Stored data entries:
══════════════════════════════

lemma computes_spread_join_if_SIPT22_sol:
  assumes "SIPT22_sol spread_coloring Y" and "turing_le Y G"
  shows "\<exists>d. computes_spread_join mu d G"
proof -
  obtain HL HR b where Y: "Y = join HL HR" and "infinite HL" "infinite HR"
    and hom: "\<forall>x\<in>HL. \<forall>y\<in>HR. x < y \<longrightarrow> col_of spread_coloring x y = b"
    using assms(1) unfolding SIPT22_sol_def incr_p_homogeneous_def by blast
  obtain x where "x \<in> HL"
    using \<open>infinite HL\<close> infinite_imp_nonempty by blast
  moreover obtain y where "y \<in> HR" and "Suc x + mu x \<le> y"
    using \<open>infinite HR\<close> infinite_nat_iff_unbounded_le by blast
  moreover from \<open>Suc x + mu x \<le> y\<close> have "x < y" and "col_of spread_coloring x y"
    by (simp_all add: col_of_spread_coloring)
  ultimately have b using hom by blast
  then have "\<forall>x\<in>HL. \<forall>y\<in>HR. x < y \<longrightarrow> mu x \<le> y"
    using hom by (auto simp: col_of_spread_coloring)
  then show ?thesis
    using assms(2) \<open>infinite HL\<close> \<open>infinite HR\<close>
    unfolding computes_spread_join_def turing_le_def Y by blast
qed

theorem theorem1p7:
  shows "\<not> sc_reducible stable_instance SIPT22_sol stable_instance D22_sol"
proof
  assume "sc_reducible stable_instance SIPT22_sol stable_instance D22_sol"
  then obtain Xh where "stable_instance Xh"
    and red: "\<forall>Yh. D22_sol Xh Yh \<longrightarrow> (\<exists>Y. turing_le Y Yh \<and> SIPT22_sol spread_coloring Y)"
    unfolding sc_reducible_def using stable_instance_spread_coloring by blast
  then have "\<exists>p. \<forall>x. \<forall>\<^sub>F u in sequentially. col_of Xh x u = p x"
    unfolding stable_instance_def stable_def by (intro choice) blast
  then obtain p where lim: "\<And>x. \<forall>\<^sub>F u in sequentially. col_of Xh x u = p x"
    by blast
  obtain G b where "infinite G" and hom: "\<forall>x\<in>G. p x = b"
    and G: "\<forall>d. \<not> computes_spread_join mu d G"
    by (rule limit_homogeneous_avoiding_spread)
  have "\<forall>\<^sub>F u in sequentially. col_of Xh x u = b" if "x \<in> G" for x
    using lim[of x] hom that by simp
  with \<open>infinite G\<close> have "D22_sol Xh G"
    unfolding D22_sol_def limit_homogeneous_def by blast
  with red obtain Y where "turing_le Y G" and "SIPT22_sol spread_coloring Y"
    by blast
  then obtain d where "computes_spread_join mu d G"
    using computes_spread_join_if_SIPT22_sol by blast
  with G show False by blast
qed

end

══════════════════════════════

* [WORK REQUEST] Retype exactly the lines of the data above, starting at its first line and finishing with the line that has "then obtain Xh" in it.

* [WRITTEN SOLUTION]
lemma computes_spread_join_if_SIPT22_sol:
  assumes "SIPT22_sol spread_coloring Y" and "turing_le Y G"
  shows "\<exists>d. computes_spread_join mu d G"
proof -
  obtain HL HR b where Y: "Y = join HL HR" and "infinite HL" "infinite HR"
    and hom: "\<forall>x\<in>HL. \<forall>y\<in>HR. x < y \<longrightarrow> col_of spread_coloring x y = b"
    using assms(1) unfolding SIPT22_sol_def incr_p_homogeneous_def by blast
  obtain x where "x \<in> HL"
    using \<open>infinite HL\<close> infinite_imp_nonempty by blast
  moreover obtain y where "y \<in> HR" and "Suc x + mu x \<le> y"
    using \<open>infinite HR\<close> infinite_nat_iff_unbounded_le by blast
  moreover from \<open>Suc x + mu x \<le> y\<close> have "x < y" and "col_of spread_coloring x y"
    by (simp_all add: col_of_spread_coloring)
  ultimately have b using hom by blast
  then have "\<forall>x\<in>HL. \<forall>y\<in>HR. x < y \<longrightarrow> mu x \<le> y"
    using hom by (auto simp: col_of_spread_coloring)
  then show ?thesis
    using assms(2) \<open>infinite HL\<close> \<open>infinite HR\<close>
    unfolding computes_spread_join_def turing_le_def Y by blast
qed

theorem theorem1p7:
  shows "\<not> sc_reducible stable_instance SIPT22_sol stable_instance D22_sol"
proof
  assume "sc_reducible stable_instance SIPT22_sol stable_instance D22_sol"
  then obtain Xh where "stable_instance Xh"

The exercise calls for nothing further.